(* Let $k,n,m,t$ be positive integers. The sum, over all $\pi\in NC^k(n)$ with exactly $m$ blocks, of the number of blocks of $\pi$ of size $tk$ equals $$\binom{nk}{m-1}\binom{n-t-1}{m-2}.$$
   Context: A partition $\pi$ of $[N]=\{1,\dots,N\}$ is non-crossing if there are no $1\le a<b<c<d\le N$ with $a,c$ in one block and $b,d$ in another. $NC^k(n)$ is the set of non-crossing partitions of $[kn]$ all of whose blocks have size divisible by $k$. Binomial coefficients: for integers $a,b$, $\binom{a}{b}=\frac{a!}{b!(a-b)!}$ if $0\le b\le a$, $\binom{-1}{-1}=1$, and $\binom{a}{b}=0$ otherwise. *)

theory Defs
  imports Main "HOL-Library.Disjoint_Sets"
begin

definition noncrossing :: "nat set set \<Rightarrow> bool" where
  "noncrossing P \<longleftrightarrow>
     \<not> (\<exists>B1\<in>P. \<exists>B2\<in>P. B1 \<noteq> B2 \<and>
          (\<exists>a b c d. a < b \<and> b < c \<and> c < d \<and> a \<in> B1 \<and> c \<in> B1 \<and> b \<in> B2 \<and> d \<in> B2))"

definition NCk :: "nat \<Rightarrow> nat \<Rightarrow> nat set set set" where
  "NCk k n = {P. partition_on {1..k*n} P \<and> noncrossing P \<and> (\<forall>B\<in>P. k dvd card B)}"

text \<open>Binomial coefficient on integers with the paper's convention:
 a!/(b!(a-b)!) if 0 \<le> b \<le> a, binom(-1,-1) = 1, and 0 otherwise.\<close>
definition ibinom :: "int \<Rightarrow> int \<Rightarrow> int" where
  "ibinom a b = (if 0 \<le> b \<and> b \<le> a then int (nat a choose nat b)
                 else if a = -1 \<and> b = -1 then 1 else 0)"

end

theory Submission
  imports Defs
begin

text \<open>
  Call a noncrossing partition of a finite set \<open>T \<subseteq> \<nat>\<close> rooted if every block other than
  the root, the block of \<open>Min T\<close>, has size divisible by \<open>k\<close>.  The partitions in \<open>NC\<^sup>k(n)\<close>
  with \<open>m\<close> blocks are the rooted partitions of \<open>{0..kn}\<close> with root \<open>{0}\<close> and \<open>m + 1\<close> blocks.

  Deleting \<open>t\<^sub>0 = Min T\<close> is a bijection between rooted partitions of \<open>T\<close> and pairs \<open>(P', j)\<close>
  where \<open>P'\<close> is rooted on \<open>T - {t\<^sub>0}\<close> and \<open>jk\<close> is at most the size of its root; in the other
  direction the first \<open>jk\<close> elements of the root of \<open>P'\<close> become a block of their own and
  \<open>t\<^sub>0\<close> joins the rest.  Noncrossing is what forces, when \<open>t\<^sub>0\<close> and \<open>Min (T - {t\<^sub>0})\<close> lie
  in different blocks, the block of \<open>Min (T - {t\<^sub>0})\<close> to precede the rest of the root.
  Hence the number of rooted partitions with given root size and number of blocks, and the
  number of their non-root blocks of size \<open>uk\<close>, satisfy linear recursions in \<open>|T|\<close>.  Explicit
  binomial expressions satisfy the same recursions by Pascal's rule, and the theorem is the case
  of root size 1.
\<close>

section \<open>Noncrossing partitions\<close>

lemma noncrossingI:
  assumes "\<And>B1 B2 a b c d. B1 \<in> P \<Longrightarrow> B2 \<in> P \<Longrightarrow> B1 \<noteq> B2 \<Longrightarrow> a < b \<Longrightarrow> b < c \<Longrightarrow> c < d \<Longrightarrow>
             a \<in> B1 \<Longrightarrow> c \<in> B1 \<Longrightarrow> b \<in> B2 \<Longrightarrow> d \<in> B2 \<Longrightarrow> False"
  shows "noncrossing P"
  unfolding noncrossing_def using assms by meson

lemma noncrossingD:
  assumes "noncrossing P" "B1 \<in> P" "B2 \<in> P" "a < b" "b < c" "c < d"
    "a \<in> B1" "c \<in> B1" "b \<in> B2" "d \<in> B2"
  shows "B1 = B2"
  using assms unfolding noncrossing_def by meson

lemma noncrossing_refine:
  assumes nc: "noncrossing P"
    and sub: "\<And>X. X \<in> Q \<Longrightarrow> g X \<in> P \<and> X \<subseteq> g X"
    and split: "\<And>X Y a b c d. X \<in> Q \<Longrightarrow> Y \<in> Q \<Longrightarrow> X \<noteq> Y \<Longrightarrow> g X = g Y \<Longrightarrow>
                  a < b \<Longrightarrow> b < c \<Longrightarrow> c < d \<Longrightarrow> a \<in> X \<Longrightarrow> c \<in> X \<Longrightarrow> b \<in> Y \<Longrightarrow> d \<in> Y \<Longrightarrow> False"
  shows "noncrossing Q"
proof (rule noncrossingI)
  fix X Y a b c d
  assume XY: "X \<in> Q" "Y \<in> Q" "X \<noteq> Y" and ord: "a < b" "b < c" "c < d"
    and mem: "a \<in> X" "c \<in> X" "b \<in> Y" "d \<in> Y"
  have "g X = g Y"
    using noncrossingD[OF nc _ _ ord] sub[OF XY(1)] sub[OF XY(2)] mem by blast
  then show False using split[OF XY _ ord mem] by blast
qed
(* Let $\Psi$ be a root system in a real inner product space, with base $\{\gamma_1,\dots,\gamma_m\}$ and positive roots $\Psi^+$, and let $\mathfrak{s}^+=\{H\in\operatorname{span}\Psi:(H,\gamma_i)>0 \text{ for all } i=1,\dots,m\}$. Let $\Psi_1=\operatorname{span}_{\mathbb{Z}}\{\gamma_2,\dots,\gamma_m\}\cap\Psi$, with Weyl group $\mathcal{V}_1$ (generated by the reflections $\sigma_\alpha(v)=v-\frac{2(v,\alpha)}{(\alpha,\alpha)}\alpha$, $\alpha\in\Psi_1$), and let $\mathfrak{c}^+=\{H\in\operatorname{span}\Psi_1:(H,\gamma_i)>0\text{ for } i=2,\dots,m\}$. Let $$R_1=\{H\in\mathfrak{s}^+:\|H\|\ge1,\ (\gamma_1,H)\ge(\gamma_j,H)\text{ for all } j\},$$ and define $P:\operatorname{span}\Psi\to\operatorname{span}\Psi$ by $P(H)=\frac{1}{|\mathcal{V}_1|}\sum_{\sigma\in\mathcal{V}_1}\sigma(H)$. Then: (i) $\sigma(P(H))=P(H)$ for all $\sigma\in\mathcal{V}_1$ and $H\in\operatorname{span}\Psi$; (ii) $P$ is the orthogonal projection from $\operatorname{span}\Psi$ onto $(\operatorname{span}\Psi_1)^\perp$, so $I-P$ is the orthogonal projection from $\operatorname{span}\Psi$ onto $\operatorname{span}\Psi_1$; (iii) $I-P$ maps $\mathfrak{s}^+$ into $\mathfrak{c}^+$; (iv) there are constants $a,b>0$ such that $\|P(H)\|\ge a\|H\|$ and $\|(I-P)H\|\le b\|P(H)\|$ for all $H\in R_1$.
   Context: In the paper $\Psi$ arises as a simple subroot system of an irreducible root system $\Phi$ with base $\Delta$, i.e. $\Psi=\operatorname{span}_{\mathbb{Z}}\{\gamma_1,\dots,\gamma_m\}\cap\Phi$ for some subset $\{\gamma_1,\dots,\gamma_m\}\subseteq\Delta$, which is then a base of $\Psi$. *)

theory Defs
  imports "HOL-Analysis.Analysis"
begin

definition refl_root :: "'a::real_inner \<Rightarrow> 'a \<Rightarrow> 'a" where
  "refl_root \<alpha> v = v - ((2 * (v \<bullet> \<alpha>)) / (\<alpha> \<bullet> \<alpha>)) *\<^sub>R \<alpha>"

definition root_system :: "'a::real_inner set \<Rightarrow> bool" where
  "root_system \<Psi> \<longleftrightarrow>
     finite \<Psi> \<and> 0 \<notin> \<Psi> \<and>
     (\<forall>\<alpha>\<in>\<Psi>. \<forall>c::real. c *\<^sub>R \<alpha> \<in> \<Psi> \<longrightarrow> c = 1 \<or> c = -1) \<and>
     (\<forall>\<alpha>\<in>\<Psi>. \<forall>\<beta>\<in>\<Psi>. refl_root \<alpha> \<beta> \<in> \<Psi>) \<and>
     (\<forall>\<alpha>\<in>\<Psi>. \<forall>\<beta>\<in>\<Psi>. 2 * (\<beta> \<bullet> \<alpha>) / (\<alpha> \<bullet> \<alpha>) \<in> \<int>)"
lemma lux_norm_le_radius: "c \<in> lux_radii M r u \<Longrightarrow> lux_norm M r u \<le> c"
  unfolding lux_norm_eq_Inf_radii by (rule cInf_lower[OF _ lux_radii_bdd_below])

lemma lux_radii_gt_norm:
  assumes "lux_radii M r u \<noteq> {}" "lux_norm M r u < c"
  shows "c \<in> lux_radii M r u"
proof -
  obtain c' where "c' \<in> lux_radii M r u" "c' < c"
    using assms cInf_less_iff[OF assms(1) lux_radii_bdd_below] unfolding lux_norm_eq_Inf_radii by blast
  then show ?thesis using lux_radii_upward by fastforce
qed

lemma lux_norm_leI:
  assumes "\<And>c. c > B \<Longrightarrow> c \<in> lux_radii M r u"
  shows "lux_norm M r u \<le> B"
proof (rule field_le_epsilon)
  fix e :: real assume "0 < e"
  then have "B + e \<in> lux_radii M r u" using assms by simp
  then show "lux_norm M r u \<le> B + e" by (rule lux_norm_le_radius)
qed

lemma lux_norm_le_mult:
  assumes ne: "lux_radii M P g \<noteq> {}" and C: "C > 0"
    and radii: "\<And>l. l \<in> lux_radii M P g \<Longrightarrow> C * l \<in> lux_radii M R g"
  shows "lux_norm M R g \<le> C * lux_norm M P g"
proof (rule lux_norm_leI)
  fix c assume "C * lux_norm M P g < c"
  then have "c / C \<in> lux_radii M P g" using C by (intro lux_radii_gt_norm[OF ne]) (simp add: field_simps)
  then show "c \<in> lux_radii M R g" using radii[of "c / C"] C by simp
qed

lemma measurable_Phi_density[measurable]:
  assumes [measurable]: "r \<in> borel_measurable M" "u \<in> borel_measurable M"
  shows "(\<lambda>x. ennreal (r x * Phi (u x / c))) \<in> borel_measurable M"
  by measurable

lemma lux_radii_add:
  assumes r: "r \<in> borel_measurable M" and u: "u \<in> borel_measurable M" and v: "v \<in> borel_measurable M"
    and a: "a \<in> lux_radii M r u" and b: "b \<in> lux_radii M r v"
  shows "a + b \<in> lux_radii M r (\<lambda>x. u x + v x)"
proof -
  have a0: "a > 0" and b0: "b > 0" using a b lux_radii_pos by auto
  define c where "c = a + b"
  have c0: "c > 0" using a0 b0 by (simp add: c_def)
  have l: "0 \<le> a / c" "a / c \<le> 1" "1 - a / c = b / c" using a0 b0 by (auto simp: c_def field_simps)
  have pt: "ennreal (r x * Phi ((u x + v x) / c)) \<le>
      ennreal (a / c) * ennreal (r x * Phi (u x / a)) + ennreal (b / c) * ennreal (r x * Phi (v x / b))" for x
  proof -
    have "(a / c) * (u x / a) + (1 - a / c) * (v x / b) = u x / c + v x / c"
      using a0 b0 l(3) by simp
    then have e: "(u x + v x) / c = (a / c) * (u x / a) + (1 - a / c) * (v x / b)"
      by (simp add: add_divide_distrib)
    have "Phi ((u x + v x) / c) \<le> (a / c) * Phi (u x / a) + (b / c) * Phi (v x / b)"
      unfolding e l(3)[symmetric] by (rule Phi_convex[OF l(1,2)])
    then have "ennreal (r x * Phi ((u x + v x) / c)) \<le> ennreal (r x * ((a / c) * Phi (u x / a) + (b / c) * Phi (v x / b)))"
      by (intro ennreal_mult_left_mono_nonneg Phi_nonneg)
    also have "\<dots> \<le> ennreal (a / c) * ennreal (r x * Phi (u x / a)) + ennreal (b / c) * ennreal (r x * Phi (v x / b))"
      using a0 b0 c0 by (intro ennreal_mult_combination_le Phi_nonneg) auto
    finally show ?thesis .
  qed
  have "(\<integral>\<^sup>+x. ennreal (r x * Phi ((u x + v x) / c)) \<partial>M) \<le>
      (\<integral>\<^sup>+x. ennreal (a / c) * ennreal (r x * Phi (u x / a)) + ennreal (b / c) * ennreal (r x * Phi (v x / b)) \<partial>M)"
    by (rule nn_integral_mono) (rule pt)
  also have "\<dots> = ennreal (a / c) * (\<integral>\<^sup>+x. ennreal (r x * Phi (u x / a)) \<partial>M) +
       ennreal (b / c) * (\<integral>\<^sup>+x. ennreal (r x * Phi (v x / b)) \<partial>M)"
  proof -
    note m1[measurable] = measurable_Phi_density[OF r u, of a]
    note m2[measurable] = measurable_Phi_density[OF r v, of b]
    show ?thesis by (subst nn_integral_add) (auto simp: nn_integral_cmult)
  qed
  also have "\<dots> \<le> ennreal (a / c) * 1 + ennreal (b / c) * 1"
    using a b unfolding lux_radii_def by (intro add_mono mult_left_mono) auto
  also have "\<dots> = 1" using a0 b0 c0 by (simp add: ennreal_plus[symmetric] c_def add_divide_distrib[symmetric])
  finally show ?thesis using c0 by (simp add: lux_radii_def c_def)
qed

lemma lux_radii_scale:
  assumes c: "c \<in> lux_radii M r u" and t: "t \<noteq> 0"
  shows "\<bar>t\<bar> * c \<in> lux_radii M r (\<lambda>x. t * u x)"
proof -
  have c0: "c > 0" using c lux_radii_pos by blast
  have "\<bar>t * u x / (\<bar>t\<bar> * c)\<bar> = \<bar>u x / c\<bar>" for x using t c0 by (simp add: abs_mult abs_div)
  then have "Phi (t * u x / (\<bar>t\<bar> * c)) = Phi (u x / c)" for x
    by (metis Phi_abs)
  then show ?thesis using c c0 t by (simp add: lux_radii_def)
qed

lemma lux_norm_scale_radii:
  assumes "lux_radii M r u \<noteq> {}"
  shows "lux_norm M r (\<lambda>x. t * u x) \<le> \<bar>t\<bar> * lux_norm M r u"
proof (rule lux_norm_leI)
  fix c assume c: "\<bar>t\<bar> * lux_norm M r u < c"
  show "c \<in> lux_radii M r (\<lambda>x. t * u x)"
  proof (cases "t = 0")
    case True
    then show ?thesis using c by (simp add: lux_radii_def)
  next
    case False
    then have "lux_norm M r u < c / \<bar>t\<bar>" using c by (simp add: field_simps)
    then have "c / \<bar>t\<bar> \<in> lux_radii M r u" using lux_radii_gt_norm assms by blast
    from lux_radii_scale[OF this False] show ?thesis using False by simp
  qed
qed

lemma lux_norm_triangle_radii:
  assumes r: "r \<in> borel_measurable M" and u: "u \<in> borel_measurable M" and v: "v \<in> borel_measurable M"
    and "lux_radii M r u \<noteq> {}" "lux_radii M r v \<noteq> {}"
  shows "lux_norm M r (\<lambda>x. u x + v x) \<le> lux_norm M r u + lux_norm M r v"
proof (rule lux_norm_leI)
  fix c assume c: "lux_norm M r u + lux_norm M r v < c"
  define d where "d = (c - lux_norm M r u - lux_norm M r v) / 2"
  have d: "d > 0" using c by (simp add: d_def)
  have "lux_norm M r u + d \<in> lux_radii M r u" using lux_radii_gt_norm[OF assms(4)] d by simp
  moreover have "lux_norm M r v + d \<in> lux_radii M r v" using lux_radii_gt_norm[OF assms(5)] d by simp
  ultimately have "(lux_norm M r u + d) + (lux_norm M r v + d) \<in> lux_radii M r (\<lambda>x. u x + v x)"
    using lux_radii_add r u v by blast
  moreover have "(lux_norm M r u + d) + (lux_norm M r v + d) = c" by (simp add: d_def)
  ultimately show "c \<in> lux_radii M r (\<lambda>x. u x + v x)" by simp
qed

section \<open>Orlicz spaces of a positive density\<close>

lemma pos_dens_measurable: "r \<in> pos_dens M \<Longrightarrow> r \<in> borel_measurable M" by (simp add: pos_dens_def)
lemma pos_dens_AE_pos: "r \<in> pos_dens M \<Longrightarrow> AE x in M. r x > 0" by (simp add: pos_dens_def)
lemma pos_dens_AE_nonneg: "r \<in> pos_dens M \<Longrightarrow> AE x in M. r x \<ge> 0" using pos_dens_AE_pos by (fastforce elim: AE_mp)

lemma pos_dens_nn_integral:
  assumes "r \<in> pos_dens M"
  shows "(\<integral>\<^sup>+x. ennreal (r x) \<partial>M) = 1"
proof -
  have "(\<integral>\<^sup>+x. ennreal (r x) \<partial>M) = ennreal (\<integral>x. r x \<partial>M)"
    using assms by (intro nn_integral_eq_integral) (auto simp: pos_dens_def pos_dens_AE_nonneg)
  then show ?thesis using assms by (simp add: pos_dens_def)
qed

== Problem to solve ==
Pick each line holding the word "shows" out of the listing.

== Answer section ==
  shows "noncrossing P"
  shows "B1 = B2"
  shows "noncrossing Q"
  shows "c \<in> lux_radii M r u"
  shows "lux_norm M r u \<le> B"
  shows "lux_norm M R g \<le> C * lux_norm M P g"
  shows "(\<lambda>x. ennreal (r x * Phi (u x / c))) \<in> borel_measurable M"
  shows "a + b \<in> lux_radii M r (\<lambda>x. u x + v x)"
  shows "\<bar>t\<bar> * c \<in> lux_radii M r (\<lambda>x. t * u x)"
  shows "lux_norm M r (\<lambda>x. t * u x) \<le> \<bar>t\<bar> * lux_norm M r u"
  shows "lux_norm M r (\<lambda>x. u x + v x) \<le> lux_norm M r u + lux_norm M r v"
  shows "(\<integral>\<^sup>+x. ennreal (r x) \<partial>M) = 1"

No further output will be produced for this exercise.